25227 A Preoperative Risk-Stratification Model for Medical and Surgical Complications in Complex Head and Neck Microvascular Reconstruction

Saturday, October 11, 2014: 1:15 PM
Patrick Gerety, MD , Plastic Surgery, University of Pennsylvania, Philadelphia, PA
Marten N Basta, BA , Plastic Surgery, University of Pennsylvania, Philadelphia, PA
Megan Fracol, BA , Plastic Surgery, University of Pennsylvania, Philadelphia, PA
John P Fischer, MD , Plastic Surgery, University of Pennsylvania, Philadelphia, PA
Joseph M. Serletti, MD , Plastic Surgery, University of Pennsylvania, Philadelphia, PA
Suhail Kanchwala, MD , Division of Plastic Surgery, University of Pennsylvania, Philadelphia, PA
David W. Low, MD , Division of Plastic Surgery, University of Pennsylvania, Philadelphia, PA
Liza C. Wu, MD , Division of Plastic Surgery, University of Pennsylvania, Philadelphia, PA

Background

Free tissue transfer has become the standard of care for reconstructing head/neck defects.
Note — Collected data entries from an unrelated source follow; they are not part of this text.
lemma parallel_eq_if_loops_trivial:
  assumes loops: "\<And>T l. hom C l T X1 \<Longrightarrow> d0 \<cdot> l = d1 \<cdot> l \<Longrightarrow> l = s0 \<cdot> d0 \<cdot> l"
    and a: "hom C a T X1" and b: "hom C b T X1"
    and d0_ab: "d0 \<cdot> a = d0 \<cdot> b" and d1_ab: "d1 \<cdot> a = d1 \<cdot> b"
  shows "a = b"
proof -
  have ib: "hom C (i \<cdot> b) T X1"
    using inverse_hom[OF b] .
  have a_ib: "d0 \<cdot> a = d1 \<cdot> i \<cdot> b" and ib_b: "d0 \<cdot> i \<cdot> b = d1 \<cdot> b"
    using d1_inverse[OF b] d0_inverse[OF b] d0_ab by simp_all
  have "d0 \<cdot> (a \<odot> (i \<cdot> b)) = d1 \<cdot> (a \<odot> (i \<cdot> b))"
    using d0_gcomp[OF a ib a_ib] d1_gcomp[OF a ib a_ib] ib_b d1_ab by simp
  then have loop: "a \<odot> (i \<cdot> b) = s0 \<cdot> d1 \<cdot> b"
    using loops[OF gcomp_hom[OF a ib a_ib]] d0_gcomp[OF a ib a_ib] ib_b by simp
  have "a = a \<odot> ((i \<cdot> b) \<odot> b)"
    using gcomp_id_right[OF a] gcomp_inv_left[OF b] d0_ab by simp
  also have "\<dots> = (a \<odot> (i \<cdot> b)) \<odot> b"
    using gcomp_assoc[OF a ib b a_ib ib_b] by simp
  also have "\<dots> = b"
    using loop gcomp_id_left[OF b] by simp
  finally show ?thesis .
qed

lemma inverse_identity:
  assumes x: "hom C x T X"
  shows "i \<cdot> s0 \<cdot> x = s0 \<cdot> x"
proof -
  note e = identity_hom[OF x]
  have "i \<cdot> s0 \<cdot> x = (i \<cdot> s0 \<cdot> x) \<odot> (s0 \<cdot> d0 \<cdot> i \<cdot> s0 \<cdot> x)"
    using gcomp_id_right[OF inverse_hom[OF e]] by simp
  also have "\<dots> = (i \<cdot> s0 \<cdot> x) \<odot> (s0 \<cdot> x)"
    using d0_inverse[OF e] d1_identity[OF x] by simp
  also have "\<dots> = s0 \<cdot> x"
    using gcomp_inv_left[OF e] d0_identity[OF x] by simp
  finally show ?thesis .
qed

end

definition loop_object :: "('o, 'm) cat \<Rightarrow> 'o \<Rightarrow> 'o \<Rightarrow> 'm \<Rightarrow> 'm \<Rightarrow> 'o \<Rightarrow> 'm \<Rightarrow> 'm \<Rightarrow> bool" where
  "loop_object C X X1 d0 d1 E e t \<longleftrightarrow>
     hom C e E X1 \<and> hom C t E X \<and> cmp C d0 e = t \<and> cmp C d1 e = t
   \<and> (\<forall>T l. hom C l T X1 \<longrightarrow> cmp C d0 l = cmp C d1 l \<longrightarrow> (\<exists>!w. hom C w T E \<and> cmp C e w = l))"

context categorical
begin

lemma diagonal_pullback_loop_object:
  assumes prod: "is_product C X X XX pr0 pr1"
    and d0: "hom C d0 X1 X"
    and r: "hom C r X1 XX" "pr0 \<cdot> r = d0" "pr1 \<cdot> r = d1"
    and \<delta>: "hom C \<delta> X XX" "pr0 \<cdot> \<delta> = idt C X" "pr1 \<cdot> \<delta> = idt C X"
    and pb: "is_pullback C r \<delta> E e t"
  shows "loop_object C X X1 d0 d1 E e t"
proof -
  have pr0: "hom C pr0 XX X" and pr1: "hom C pr1 XX X"
    using prod unfolding is_product_def by blast+
  have e: "hom C e E X1" and t: "hom C t E X" and re: "r \<cdot> e = \<delta> \<cdot> t"
    using pullback_hom[OF pb r(1) \<delta>(1)] by auto
  have pr_r: "pr \<cdot> r \<cdot> l = d \<cdot> l" if "pr \<cdot> r = d" "hom C pr XX X" "hom C l T X1" for pr d l T
    using comp_assoc_eq[OF that(1) that(3) r(1) that(2)] .
  have pr_\<delta>: "pr \<cdot> \<delta> \<cdot> x = x" if "pr \<cdot> \<delta> = idt C X" "hom C pr XX X" "hom C x T X" for pr x T
    using comp_assoc_eq[OF that(1) that(3) \<delta>(1) that(2)] comp_id_left[OF that(3)] by simp
  have d0e: "d0 \<cdot> e = t" and d1e: "d1 \<cdot> e = t"
    using pr_r[OF r(2) pr0 e] pr_r[OF r(3) pr1 e] pr_\<delta>[OF \<delta>(2) pr0 t] pr_\<delta>[OF \<delta>(3) pr1 t] re
    by simp_all
  have "\<exists>!w. hom C w T E \<and> e \<cdot> w = l" if l: "hom C l T X1" and loop: "d0 \<cdot> l = d1 \<cdot> l" for T l
  proof -
    have x: "hom C (d0 \<cdot> l) T X"
      using comp_hom[OF l d0] .
    have "r \<cdot> l = \<delta> \<cdot> d0 \<cdot> l"
      using product_eq[OF prod comp_hom[OF l r(1)] comp_hom[OF x \<delta>(1)]]
        pr_r[OF r(2) pr0 l] pr_r[OF r(3) pr1 l] pr_\<delta>[OF \<delta>(2) pr0 x] pr_\<delta>[OF \<delta>(3) pr1 x] loop
      by simp
    then obtain w where w: "hom C w T E" "e \<cdot> w = l" "t \<cdot> w = d0 \<cdot> l"
      using pullback_lift[OF pb r(1) \<delta>(1) l x] by blast
    have "w' = w" if w': "hom C w' T E" "e \<cdot> w' = l" for w'
    proof (rule pullback_eq[OF pb r(1) \<delta>(1) w'(1) w(1)])
      show "e \<cdot> w' = e \<cdot> w"
        using w(2) w'(2) by simp
      show "t \<cdot> w' = t \<cdot> w"
        using comp_assoc_eq[OF d0e w'(1) e d0] w w'(2) by simp
    qed
    then show ?thesis
      using w by blast
  qed
  then show ?thesis
    unfolding loop_object_def using e t d0e d1e by blast
qed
Medical and flap complications have been associated with tremendous hospital costs in these patients, and a better understanding of predisposing factors is essential to improve cost-efficacy and patient satisfaction.  This project aims to create the first preoperative risk-stratification tool in head/neck reconstruction based upon our free flap experience.

Methods

An institutional retrospective chart review identified all free flap head/neck reconstructions performed from 2005-2013.  Demographic information and operative characteristics were collected as preoperative risk factors. Intra/post-operative complications and total hospital cost for were detailed.  Primary outcomes were flap complication (anastomotic revision, arterial/venous flap thrombosis, or partial/full flap loss) and medical complication (heart failure, MI, acute renal failure, VTE, pneumonia, respiratory failure, septicemia, or stroke).  Preoperative factors were analyzed via step-wise multivariate logistic regression, with significant variables entered into a bootstrap model. Final adjusted beta-coefficients were utilized to generate weighted risk scores for each variable.  Each patient was assigned an aggregate risk score for each complication, yielding the risk-assessment tool.

Results

438 free flap head/neck reconstructions were included.  Medical complication incidence=15.8% and significant predictors included BMI≥35 (OR=3.09), cardiovascular comorbidity (OR=2.72), floor-of-mouth defect (OR=3.03), fibula flap (OR=2.62), and prolonged operative time (OR=6.31).  Patients were risk-stratified into 3 groups: low (complication=6.8%), moderate (complication=36.5%), and high (complication=57%). Flap complication incidence=13%, with predictors including anemia (OR=3.05), radiation (OR=3.95), and fibula flap (OR=3.80).  Patients were risk-stratified into 3 groups: low (complication=3%), moderate (complication=19%), and high (complication=46.7%). Patients at intermediate/high risk of medical or flap complications had significantly longer length of stay and more reoperations.  Total hospital costs for patients at high-risk for medical complications were $80,368 (vs. $37,606 for low-risk patients), while patients at high-risk for flap complications had total costs=$81,890 (vs. $36,188 for low-risk patients). The risk models demonstrated high accuracy for discriminating complication risks with C-statistic=0.78 (medical) and C-statistic=0.77 (flap).

Conclusion

This study identifies important independent preoperative risk factors for medical and flap complications in head/neck microsurgical reconstruction with high accuracy. Importantly, the model stratifies patients according to risk, demonstrating that high-risk groups suffer significantly more morbidity and incur substantially higher costs.  As the first such model in head and neck microvascular reconstruction, it can serve as a simple yet accurate tool for perioperative decision-making.